The boy also led the police to the recovery of the “murder weapons” — a 5kg dumbbell and a knife allegedly used in the crime and a towel used for cleaning the bloodstains — from a well near their house on Monday afternoon after a hectic search conducted with the help of the fire brigade.
“We produced the teenager before a child welfare committee which ordered his remand in a correctional facility,” deputy commissioner of police (zone II) Deepak Girhe said.
City police commissioner Nikhil Gupta said, “Despite all the limitations, technical hurdles and absence of eyewitnesses, our police teams have finally detected the case.”
The professor was found murdered on October 11 morning. His family members, including parents, wife, daughter and son, had claimed they had no idea how and when the murder had happened. The son had said he had seen someone running away from the house during the early hours.
The police said the boy cracked under intense questioning and admitted to the crime.
A senior officer associated with the investigation said the boy has claimed that he was upset with his father’s insulting behaviour towards him over the years.

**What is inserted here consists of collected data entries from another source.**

(* For every integer $k$ (with the polynomial extension described in the context), the following identities of formal power series in $x,y$ hold: $$C^\bullet_k=C^\bullet_{k-1}\,e^{C^\bullet_{k-1}+C^\times_{k-1}},\qquad C^\times_k=e^{C^\bullet_{k-1}}\big(e^{C^\times_{k-1}}-1\big),$$ $$C_k=\exp\big(C^\bullet_k+C^\times_k\big)-1,\qquad C^\ell_{k-1}=C^\bullet_k+C^\times_k.$$
   Context: Let $V_1,V_2$ be disjoint finite sets, $V=V_1\sqcup V_2$. A semi-pointed partition of $(V_1,V_2)$ is a set partition of $V$ into nonempty blocks in which each block $B$ is either unpointed or pointed at one chosen element of $B\cap V_1$, subject to: a block contained in $V_1$ must be pointed, and a block contained in $V_2$ must be unpointed. $\Pi(V_1,V_2)$ is the set of semi-pointed partitions, ordered by: $P\le Q$ iff every block $b$ of $P$ is a union $q_1\cup\dots\cup q_r$ of blocks of $Q$, and if $b$ is pointed at $e$ then some $q_i$ is pointed at $e$, while if $b$ is unpointed then some $q_i$ is unpointed. Its greatest element $\hat1$ is the partition into singletons. Its minimal elements are $m_v$, $v\in V_1$ (the block $V$ pointed at $v$), and, if $V_2\neq\emptyset$, $m_\times$ (the unpointed block $V$). For $k\ge1$ and $|V_1|=p$, $|V_2|=q$: - $c_k(p,q)$ is the number of $k$-multichains $a_1\le\dots\le a_k$ in $\Pi(V_1,V_2)$, for $(p,q)\neq(0,0)$; - $c^\bullet_k(p,q)$ is the number of those with $a_1=m_v$ for some $v$; - $c^\times_k(p,q)$ is the number of those with $a_1=m_\times$; - $c^\ell_k(p,q)$ is $\sum_m$ (number of $k$-multichains in $[m,\hat1]$), the sum over all minimal $m$. For fixed $(p,q)$ each of these is a polynomial function of $k\ge1$, and it is extended to all integers $k$ by that polynomial. Define $C_k(x,y)=\sum_{(p,q)\neq(0,0)}c_k(p,q)\frac{x^py^q}{p!q!}$, and similarly $C^\bullet_k$, $C^\times_k$, $C^\ell_k$ from $c^\bullet_k$, $c^\times_k$, $c^\ell_k$. *)

theory Defs
  imports "HOL-Computational_Algebra.Polynomial"
begin

text \<open>A semi-pointed partition is represented as a set of pairs (B, w) where B is a
block and o is None (unpointed) or Some e (pointed at e).\<close>

type_synonym 'a sppart = "('a set \<times> 'a option) set"

definition semi_pointed :: "'a set \<Rightarrow> 'a set \<Rightarrow> 'a sppart \<Rightarrow> bool" where
  "semi_pointed V1 V2 P \<longleftrightarrow>
     (\<forall>(B, w) \<in> P. B \<noteq> {}
        \<and> (\<forall>e. w = Some e \<longrightarrow> e \<in> B \<inter> V1)
        \<and> (B \<subseteq> V1 \<longrightarrow> w \<noteq> None)
        \<and> (B \<subseteq> V2 \<longrightarrow> w = None))
   \<and> (\<forall>(B, w) \<in> P. \<forall>(B', w') \<in> P. B = B' \<longrightarrow> w = w')
   \<and> (\<forall>(B, w) \<in> P. \<forall>(B', w') \<in> P. B \<noteq> B' \<longrightarrow> B \<inter> B' = {})
   \<and> \<Union>(fst ` P) = V1 \<union> V2"

definition SPi :: "'a set \<Rightarrow> 'a set \<Rightarrow> 'a sppart set" where
  "SPi V1 V2 = {P. semi_pointed V1 V2 P}"

definition sp_le :: "'a sppart \<Rightarrow> 'a sppart \<Rightarrow> bool" where
  "sp_le P Q \<longleftrightarrow>
     (\<forall>(b, w) \<in> P. \<exists>S \<subseteq> Q. b = \<Union>(fst ` S) \<and>
        (case w of Some e \<Rightarrow> (\<exists>q. (q, Some e) \<in> S) | None \<Rightarrow> (\<exists>q. (q, None) \<in> S)))"

definition sp_top :: "'a set \<Rightarrow> 'a set \<Rightarrow> 'a sppart" where
  "sp_top V1 V2 = (\<lambda>v. ({v}, if v \<in> V1 then Some v else None)) ` (V1 \<union> V2)"

definition m_pt :: "'a set \<Rightarrow> 'a set \<Rightarrow> 'a \<Rightarrow> 'a sppart" where
  "m_pt V1 V2 v = {(V1 \<union> V2, Some v)}"

definition m_cross :: "'a set \<Rightarrow> 'a set \<Rightarrow> 'a sppart" where
  "m_cross V1 V2 = {(V1 \<union> V2, None)}"

definition sp_minimals :: "'a set \<Rightarrow> 'a set \<Rightarrow> 'a sppart set" where
  "sp_minimals V1 V2 = m_pt V1 V2 ` V1 \<union> (if V2 \<noteq> {} then {m_cross V1 V2} else {})"

definition multichains_in :: "'a sppart set \<Rightarrow> nat \<Rightarrow> 'a sppart list set" where
  "multichains_in S k = {as. length as = k \<and> set as \<subseteq> S \<and>
      (\<forall>i. Suc i < k \<longrightarrow> sp_le (as ! i) (as ! Suc i))}"

definition V1c :: "nat \<Rightarrow> nat set" where "V1c p = {..<p}"
definition V2c :: "nat \<Rightarrow> nat \<Rightarrow> nat set" where "V2c p q = {p..<p+q}"

definition cnt :: "nat \<Rightarrow> nat \<Rightarrow> nat \<Rightarrow> nat" where
  "cnt p q k = card (multichains_in (SPi (V1c p) (V2c p q)) k)"

definition cnt_bullet :: "nat \<Rightarrow> nat \<Rightarrow> nat \<Rightarrow> nat" where
  "cnt_bullet p q k = card {as \<in> multichains_in (SPi (V1c p) (V2c p q)) k.
      \<exists>v \<in> V1c p. hd as = m_pt (V1c p) (V2c p q) v}"

definition cnt_cross :: "nat \<Rightarrow> nat \<Rightarrow> nat \<Rightarrow> nat" where
  "cnt_cross p q k = card {as \<in> multichains_in (SPi (V1c p) (V2c p q)) k.
      hd as = m_cross (V1c p) (V2c p q)}"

Minor son has confessed to killing professor dad: Police
The investigators were intrigued by the fact that no one was spotted going in or out of the house during the intervening night, that there was no sign of forced entry, there were no fingerprints of an outsider and nothing was stolen from the bungalow.
Preliminary investigation revealed that the boy, driven by a desire to eliminate his father, had been watching murder mystery movies and web series on OTT platforms for well over a year, police said.
The boy has also confessed that he watched videos on how to slit a throat and murder a person, his legal rights as a juvenile as well as protection under law, police added.